*INPUT MATERIAL*

┌────────

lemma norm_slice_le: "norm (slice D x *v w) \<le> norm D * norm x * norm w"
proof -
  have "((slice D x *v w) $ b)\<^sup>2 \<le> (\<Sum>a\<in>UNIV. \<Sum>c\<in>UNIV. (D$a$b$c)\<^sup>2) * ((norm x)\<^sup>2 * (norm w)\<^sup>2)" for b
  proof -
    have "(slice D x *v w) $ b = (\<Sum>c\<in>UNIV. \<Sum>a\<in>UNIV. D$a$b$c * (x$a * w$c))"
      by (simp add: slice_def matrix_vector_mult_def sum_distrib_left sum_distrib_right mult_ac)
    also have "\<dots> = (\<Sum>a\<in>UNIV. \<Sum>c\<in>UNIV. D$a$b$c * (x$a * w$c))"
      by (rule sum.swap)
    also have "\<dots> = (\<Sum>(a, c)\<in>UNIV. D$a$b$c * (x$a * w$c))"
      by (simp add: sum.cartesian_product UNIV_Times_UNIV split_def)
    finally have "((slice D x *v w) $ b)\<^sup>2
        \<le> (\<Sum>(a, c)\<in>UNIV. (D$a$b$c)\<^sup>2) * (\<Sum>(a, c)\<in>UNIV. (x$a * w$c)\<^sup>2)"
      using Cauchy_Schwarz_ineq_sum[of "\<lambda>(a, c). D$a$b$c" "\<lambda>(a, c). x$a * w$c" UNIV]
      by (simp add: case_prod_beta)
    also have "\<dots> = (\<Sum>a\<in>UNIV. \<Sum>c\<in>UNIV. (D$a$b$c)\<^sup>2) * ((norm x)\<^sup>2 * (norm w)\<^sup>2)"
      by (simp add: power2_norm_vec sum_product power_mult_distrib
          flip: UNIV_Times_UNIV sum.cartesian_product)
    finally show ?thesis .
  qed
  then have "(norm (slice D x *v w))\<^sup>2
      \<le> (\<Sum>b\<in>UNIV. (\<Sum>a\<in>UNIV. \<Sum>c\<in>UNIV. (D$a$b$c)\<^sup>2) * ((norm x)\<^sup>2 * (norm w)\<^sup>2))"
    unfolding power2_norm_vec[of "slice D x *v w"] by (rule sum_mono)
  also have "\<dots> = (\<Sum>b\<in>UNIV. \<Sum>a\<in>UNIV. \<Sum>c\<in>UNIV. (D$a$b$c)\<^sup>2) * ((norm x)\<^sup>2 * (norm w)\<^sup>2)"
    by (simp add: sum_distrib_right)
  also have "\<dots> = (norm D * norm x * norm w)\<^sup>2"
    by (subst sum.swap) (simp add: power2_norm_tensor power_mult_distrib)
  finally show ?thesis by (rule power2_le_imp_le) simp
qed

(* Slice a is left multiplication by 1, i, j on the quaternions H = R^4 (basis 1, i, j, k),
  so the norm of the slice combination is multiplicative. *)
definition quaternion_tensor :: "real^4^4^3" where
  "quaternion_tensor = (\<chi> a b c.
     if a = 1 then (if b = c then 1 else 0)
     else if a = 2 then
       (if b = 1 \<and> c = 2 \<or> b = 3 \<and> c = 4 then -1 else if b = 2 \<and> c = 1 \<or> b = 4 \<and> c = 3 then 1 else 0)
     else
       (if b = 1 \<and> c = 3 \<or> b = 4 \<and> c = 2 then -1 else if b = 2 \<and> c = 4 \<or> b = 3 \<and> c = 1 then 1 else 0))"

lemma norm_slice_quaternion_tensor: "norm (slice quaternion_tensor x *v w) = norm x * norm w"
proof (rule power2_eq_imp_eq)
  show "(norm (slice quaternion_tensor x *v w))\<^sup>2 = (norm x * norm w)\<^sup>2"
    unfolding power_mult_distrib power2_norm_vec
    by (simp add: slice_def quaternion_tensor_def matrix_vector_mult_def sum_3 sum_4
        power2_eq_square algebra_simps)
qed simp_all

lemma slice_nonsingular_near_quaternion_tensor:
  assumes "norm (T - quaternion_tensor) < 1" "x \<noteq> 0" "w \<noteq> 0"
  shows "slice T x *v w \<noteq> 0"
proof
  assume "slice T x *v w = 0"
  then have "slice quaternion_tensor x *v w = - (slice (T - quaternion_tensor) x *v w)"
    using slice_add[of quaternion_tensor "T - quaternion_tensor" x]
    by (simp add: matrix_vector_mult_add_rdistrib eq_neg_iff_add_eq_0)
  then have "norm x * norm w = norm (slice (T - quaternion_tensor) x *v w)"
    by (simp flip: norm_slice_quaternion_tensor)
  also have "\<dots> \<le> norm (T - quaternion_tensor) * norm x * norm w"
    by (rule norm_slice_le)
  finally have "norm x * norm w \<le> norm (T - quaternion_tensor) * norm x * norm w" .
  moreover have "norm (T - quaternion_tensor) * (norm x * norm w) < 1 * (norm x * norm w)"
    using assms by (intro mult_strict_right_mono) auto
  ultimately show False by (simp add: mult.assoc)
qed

└────────
┌────────

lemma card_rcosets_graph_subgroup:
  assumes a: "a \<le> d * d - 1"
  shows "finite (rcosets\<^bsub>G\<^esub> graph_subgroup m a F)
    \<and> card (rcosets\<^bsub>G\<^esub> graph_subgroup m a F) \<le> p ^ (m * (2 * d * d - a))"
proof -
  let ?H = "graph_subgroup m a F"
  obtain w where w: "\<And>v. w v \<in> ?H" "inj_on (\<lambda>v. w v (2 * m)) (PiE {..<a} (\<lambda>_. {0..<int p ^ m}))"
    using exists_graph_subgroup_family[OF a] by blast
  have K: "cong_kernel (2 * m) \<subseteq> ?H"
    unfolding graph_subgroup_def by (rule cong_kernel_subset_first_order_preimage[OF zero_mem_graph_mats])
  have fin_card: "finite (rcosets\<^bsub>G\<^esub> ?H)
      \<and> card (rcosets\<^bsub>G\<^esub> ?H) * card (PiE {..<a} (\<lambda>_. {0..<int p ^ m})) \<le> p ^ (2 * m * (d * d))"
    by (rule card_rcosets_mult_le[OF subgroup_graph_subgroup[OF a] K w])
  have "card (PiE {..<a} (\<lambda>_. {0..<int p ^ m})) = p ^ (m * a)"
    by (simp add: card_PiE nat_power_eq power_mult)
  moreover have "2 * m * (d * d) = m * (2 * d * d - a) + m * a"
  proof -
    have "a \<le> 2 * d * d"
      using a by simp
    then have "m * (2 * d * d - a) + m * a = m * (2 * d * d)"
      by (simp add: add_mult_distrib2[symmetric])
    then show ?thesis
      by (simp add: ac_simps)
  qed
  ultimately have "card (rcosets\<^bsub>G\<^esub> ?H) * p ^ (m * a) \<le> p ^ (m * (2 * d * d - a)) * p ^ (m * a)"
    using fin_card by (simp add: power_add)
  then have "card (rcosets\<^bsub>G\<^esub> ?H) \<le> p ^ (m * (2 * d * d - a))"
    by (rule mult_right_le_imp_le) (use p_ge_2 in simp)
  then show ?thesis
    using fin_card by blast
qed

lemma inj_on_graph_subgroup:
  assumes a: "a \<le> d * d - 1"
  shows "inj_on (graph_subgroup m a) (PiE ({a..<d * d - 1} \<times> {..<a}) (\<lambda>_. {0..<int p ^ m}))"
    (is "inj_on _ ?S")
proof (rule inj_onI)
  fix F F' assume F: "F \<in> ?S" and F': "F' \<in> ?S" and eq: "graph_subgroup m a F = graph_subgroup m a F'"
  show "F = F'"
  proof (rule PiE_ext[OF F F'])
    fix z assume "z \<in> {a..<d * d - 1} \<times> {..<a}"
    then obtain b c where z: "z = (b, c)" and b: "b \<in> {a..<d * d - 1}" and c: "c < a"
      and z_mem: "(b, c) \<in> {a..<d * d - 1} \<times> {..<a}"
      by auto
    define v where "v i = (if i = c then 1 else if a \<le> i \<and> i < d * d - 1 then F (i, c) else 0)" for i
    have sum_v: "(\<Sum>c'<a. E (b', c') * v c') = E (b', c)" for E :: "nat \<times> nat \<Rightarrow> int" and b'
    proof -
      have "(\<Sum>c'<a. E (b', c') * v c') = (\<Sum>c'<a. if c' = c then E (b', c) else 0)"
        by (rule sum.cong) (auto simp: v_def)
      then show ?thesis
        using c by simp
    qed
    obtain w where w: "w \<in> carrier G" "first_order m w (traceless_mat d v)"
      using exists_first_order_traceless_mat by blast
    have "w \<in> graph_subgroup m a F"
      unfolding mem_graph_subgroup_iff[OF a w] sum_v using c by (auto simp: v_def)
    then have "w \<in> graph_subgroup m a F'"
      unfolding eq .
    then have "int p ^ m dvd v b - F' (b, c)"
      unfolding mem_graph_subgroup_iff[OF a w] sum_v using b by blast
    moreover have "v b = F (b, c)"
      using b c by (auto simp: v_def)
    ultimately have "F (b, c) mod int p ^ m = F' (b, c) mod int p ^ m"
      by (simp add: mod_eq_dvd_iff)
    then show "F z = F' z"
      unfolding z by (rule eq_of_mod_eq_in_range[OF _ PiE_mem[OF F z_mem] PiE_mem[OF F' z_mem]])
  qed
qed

└────────

*PROBLEM STATEMENT*
Would you print exactly and only the lines of the material above that run from the line with "w) \<le> norm" through the line with "by (simp add: slice_def matrix_vector_mult_def", both included?

*EXERCISE ANSWER*
lemma norm_slice_le: "norm (slice D x *v w) \<le> norm D * norm x * norm w"
proof -
  have "((slice D x *v w) $ b)\<^sup>2 \<le> (\<Sum>a\<in>UNIV. \<Sum>c\<in>UNIV. (D$a$b$c)\<^sup>2) * ((norm x)\<^sup>2 * (norm w)\<^sup>2)" for b
  proof -
    have "(slice D x *v w) $ b = (\<Sum>c\<in>UNIV. \<Sum>a\<in>UNIV. D$a$b$c * (x$a * w$c))"
      by (simp add: slice_def matrix_vector_mult_def sum_distrib_left sum_distrib_right mult_ac)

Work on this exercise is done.